▶ **PROBLEM TO WORK ON**: Extract each line holding the word "definition" from the entries.

(SUPPLIED MATERIAL begins)

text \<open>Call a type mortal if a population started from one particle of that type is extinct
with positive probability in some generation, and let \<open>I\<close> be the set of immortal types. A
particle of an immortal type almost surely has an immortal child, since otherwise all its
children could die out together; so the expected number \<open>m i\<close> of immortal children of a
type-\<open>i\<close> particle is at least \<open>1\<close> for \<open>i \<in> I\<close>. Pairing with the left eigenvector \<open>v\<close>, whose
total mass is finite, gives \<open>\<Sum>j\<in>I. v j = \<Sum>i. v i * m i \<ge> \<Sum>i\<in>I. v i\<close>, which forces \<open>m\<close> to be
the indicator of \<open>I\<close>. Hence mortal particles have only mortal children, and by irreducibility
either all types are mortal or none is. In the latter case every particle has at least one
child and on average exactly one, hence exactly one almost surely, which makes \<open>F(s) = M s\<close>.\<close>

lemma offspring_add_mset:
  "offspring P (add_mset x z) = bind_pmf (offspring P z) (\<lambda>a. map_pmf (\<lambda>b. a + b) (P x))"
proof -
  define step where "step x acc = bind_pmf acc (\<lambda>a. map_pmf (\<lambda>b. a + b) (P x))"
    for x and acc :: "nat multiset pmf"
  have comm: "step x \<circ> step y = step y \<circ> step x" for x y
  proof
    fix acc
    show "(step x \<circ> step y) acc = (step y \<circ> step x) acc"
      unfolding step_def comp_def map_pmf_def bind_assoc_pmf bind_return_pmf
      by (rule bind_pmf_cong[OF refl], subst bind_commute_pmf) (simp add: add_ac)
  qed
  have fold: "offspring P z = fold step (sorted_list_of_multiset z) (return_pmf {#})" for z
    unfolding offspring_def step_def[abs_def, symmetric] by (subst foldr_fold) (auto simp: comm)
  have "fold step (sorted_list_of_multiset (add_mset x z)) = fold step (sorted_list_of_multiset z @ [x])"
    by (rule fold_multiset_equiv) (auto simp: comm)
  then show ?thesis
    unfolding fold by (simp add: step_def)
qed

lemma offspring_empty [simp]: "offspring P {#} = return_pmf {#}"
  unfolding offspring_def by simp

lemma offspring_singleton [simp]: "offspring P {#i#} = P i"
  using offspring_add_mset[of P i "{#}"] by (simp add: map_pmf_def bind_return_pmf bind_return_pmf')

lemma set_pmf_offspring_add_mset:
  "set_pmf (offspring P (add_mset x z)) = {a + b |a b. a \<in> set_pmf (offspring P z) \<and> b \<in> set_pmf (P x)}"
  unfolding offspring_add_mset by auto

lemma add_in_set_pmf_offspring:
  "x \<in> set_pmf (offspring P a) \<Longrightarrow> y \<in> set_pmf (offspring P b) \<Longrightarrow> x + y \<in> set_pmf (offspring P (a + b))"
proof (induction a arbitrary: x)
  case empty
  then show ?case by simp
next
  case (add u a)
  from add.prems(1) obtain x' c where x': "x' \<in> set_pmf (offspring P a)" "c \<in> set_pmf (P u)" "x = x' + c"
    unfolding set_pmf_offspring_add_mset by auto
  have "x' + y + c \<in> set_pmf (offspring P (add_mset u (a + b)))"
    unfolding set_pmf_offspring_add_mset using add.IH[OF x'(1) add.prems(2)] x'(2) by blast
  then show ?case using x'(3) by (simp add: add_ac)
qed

(SUPPLIED MATERIAL ends)
(SUPPLIED MATERIAL begins)

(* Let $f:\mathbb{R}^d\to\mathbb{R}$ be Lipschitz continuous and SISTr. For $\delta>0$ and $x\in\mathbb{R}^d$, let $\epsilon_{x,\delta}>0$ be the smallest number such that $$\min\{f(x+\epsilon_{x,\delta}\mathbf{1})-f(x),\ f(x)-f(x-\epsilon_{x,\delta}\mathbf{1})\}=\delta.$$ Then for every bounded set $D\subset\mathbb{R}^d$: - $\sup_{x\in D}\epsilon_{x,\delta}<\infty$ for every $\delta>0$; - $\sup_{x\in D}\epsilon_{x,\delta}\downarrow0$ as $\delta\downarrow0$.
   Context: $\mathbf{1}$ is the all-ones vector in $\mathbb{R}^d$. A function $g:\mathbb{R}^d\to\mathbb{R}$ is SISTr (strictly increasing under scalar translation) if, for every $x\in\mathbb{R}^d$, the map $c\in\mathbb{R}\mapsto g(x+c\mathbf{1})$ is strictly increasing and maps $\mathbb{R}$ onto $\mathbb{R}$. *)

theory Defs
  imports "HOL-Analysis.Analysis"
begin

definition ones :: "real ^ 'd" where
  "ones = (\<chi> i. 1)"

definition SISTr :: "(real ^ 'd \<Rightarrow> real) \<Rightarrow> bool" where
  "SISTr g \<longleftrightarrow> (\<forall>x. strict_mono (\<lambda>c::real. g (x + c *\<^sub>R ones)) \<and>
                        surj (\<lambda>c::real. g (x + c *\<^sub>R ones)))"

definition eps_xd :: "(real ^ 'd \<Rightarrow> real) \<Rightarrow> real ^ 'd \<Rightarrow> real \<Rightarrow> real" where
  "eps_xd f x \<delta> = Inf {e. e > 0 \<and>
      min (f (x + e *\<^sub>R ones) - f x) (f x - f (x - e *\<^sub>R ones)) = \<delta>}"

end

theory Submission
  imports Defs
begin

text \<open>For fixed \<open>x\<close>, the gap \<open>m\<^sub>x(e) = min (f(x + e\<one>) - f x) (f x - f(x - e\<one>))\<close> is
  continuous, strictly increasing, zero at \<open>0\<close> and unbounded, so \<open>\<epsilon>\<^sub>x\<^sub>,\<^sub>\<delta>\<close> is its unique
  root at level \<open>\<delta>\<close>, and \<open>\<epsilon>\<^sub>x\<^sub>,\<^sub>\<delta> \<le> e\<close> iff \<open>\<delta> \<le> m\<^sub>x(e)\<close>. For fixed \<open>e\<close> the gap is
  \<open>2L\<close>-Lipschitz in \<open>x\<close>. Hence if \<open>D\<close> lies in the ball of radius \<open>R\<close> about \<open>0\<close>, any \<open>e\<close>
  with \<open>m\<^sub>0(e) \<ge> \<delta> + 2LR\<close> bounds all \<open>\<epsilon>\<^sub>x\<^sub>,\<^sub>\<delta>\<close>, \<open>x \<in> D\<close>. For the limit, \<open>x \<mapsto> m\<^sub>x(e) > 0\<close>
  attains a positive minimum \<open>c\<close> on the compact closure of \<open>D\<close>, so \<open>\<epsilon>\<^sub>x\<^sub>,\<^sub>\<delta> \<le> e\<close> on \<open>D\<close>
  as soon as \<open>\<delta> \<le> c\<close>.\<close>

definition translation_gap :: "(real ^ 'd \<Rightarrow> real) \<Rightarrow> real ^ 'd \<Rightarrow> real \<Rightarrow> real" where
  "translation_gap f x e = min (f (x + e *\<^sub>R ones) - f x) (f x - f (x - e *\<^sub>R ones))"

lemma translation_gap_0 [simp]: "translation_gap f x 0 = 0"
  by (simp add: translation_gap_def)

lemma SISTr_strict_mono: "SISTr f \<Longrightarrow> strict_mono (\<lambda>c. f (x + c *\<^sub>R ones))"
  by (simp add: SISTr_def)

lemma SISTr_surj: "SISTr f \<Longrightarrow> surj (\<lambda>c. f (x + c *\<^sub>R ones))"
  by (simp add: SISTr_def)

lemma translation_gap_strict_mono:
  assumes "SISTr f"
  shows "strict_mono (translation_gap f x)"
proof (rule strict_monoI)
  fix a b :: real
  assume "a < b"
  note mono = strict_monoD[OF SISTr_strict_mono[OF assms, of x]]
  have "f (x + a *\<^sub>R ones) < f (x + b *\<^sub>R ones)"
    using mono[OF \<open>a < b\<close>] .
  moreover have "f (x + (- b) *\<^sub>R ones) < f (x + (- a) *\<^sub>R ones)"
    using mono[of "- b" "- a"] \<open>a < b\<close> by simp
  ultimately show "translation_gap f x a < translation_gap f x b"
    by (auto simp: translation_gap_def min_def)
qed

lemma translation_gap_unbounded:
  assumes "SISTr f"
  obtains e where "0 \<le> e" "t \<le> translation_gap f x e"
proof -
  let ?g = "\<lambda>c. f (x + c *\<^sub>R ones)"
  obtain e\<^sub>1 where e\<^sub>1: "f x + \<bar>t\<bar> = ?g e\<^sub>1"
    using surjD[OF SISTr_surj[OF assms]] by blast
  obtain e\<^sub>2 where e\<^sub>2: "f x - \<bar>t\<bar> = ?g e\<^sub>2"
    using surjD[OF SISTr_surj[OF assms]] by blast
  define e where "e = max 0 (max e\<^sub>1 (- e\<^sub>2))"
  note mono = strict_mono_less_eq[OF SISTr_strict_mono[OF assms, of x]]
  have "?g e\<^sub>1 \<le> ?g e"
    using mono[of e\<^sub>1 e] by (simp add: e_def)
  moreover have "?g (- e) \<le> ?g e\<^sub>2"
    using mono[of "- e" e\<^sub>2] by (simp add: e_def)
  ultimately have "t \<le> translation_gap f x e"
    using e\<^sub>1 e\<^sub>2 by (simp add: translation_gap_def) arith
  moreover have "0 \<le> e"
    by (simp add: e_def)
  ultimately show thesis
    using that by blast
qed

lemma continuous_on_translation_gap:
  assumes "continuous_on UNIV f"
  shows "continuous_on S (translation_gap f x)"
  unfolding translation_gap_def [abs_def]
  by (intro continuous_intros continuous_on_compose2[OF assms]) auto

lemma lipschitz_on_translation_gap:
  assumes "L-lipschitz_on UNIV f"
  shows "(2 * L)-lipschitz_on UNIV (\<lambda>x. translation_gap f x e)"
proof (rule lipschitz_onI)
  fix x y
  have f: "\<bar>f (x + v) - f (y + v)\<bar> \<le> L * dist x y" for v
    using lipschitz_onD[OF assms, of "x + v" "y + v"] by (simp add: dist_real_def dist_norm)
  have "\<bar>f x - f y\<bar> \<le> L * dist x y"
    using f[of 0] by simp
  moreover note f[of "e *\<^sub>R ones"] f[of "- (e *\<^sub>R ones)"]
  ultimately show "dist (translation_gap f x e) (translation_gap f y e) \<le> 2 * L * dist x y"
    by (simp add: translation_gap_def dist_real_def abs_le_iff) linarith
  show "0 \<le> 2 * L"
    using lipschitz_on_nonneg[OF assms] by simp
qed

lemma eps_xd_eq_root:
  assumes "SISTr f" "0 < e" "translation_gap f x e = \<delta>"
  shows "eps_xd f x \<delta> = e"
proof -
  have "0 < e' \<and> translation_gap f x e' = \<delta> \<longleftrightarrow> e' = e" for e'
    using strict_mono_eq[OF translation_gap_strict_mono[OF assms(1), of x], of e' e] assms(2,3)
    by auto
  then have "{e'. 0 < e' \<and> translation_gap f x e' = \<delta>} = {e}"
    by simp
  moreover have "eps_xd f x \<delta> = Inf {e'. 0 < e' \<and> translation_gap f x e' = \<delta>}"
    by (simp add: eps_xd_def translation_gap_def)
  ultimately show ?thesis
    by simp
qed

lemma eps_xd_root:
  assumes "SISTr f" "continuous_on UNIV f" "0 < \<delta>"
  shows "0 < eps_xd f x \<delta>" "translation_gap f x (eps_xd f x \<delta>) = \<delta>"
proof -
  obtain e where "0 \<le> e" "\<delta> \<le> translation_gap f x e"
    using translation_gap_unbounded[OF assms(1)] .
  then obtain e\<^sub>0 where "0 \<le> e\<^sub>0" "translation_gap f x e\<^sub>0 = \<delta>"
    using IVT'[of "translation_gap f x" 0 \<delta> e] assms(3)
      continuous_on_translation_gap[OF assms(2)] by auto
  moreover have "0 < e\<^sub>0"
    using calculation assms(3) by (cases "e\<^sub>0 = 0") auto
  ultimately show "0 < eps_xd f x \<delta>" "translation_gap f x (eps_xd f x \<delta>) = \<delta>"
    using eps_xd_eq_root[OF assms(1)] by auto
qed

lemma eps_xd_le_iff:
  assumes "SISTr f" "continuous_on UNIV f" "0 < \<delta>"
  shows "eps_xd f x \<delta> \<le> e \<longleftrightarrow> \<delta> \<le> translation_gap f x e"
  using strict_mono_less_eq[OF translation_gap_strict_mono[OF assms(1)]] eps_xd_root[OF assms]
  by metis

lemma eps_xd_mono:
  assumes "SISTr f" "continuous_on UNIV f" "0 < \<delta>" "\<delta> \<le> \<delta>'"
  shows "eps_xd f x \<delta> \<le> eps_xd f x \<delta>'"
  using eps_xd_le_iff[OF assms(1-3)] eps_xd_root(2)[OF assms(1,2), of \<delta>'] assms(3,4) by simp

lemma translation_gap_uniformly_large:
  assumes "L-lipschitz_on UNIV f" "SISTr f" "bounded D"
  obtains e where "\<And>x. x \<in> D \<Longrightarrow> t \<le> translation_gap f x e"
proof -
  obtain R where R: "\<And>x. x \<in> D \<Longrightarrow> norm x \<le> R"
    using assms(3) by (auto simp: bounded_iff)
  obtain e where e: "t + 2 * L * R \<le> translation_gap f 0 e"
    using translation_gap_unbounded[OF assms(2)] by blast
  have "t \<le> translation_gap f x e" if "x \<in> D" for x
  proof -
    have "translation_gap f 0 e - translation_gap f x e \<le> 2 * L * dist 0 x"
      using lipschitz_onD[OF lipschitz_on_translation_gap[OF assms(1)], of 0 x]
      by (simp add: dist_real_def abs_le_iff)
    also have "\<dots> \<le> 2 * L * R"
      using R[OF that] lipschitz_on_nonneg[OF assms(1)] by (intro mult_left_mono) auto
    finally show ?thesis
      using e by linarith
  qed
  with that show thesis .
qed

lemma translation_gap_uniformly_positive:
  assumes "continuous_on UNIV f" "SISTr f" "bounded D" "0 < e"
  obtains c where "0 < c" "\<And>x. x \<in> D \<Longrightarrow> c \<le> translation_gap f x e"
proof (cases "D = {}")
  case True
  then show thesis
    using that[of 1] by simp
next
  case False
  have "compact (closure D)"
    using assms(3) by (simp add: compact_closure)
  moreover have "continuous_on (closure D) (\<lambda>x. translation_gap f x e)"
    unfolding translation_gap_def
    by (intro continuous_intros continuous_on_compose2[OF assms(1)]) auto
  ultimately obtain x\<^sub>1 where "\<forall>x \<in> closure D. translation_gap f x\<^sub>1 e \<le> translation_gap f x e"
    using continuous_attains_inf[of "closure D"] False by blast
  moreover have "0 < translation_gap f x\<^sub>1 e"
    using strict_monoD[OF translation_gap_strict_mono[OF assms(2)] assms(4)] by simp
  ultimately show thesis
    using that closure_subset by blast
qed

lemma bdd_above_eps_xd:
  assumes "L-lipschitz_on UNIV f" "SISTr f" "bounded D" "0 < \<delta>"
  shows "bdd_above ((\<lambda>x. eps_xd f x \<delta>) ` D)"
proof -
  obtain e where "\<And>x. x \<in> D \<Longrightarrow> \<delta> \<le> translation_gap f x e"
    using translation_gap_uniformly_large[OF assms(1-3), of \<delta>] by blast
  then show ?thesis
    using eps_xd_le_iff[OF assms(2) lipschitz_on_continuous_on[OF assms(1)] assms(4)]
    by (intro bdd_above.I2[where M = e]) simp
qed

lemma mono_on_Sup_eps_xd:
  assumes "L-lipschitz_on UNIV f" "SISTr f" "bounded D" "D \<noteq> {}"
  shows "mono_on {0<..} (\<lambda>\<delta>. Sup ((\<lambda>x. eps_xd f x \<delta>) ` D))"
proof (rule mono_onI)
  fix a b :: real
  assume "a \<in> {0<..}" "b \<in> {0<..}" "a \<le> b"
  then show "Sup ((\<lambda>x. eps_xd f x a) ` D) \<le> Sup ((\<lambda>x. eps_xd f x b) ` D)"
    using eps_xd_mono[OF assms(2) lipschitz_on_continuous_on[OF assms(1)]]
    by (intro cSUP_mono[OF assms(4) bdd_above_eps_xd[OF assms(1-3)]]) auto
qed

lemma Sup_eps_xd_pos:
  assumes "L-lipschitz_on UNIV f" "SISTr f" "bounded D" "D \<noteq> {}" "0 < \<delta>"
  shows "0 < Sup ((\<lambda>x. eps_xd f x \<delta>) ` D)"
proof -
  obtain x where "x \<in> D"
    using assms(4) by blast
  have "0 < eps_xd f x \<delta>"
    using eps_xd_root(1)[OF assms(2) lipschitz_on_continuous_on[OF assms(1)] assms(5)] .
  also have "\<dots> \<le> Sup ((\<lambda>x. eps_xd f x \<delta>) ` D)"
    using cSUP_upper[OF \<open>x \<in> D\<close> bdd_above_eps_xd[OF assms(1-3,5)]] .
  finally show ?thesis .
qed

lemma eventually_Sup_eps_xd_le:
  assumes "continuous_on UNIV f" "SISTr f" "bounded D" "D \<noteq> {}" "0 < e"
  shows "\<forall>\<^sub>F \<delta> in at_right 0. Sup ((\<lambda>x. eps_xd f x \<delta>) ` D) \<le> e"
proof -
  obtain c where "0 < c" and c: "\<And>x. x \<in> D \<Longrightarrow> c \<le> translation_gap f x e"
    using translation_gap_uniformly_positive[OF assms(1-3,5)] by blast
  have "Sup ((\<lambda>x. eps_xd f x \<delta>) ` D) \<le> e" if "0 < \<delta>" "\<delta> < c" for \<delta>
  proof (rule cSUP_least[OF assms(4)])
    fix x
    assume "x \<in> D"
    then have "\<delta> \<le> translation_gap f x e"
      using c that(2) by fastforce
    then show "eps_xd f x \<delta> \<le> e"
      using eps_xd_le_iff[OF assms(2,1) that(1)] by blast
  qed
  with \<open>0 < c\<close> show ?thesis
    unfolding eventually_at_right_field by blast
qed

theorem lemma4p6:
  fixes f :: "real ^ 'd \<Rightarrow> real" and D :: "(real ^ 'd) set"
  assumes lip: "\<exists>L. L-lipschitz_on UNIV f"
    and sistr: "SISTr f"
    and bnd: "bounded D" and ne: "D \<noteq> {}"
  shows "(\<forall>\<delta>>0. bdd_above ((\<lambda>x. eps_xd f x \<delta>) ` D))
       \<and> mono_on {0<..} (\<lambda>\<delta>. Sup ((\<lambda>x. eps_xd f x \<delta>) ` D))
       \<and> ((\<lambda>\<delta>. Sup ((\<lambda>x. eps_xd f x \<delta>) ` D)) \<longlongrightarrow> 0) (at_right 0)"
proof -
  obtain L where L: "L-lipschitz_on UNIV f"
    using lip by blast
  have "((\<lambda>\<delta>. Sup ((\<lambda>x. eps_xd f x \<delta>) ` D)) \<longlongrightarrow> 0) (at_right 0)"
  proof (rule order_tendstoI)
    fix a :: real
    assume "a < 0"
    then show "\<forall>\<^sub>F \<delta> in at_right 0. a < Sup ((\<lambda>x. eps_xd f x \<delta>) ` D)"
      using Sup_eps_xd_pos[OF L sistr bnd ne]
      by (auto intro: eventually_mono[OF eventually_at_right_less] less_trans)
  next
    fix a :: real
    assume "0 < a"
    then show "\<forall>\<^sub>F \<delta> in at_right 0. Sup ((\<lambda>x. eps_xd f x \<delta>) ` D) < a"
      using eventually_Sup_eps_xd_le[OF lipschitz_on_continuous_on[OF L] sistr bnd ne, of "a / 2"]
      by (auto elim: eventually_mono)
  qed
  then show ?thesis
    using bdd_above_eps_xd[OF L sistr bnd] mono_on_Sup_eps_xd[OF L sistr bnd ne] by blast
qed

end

(SUPPLIED MATERIAL ends)

▶ **RESPONSE FOR THIS EXERCISE**:
definition ones :: "real ^ 'd" where
definition SISTr :: "(real ^ 'd \<Rightarrow> real) \<Rightarrow> bool" where
definition eps_xd :: "(real ^ 'd \<Rightarrow> real) \<Rightarrow> real ^ 'd \<Rightarrow> real \<Rightarrow> real" where
definition translation_gap :: "(real ^ 'd \<Rightarrow> real) \<Rightarrow> real ^ 'd \<Rightarrow> real \<Rightarrow> real" where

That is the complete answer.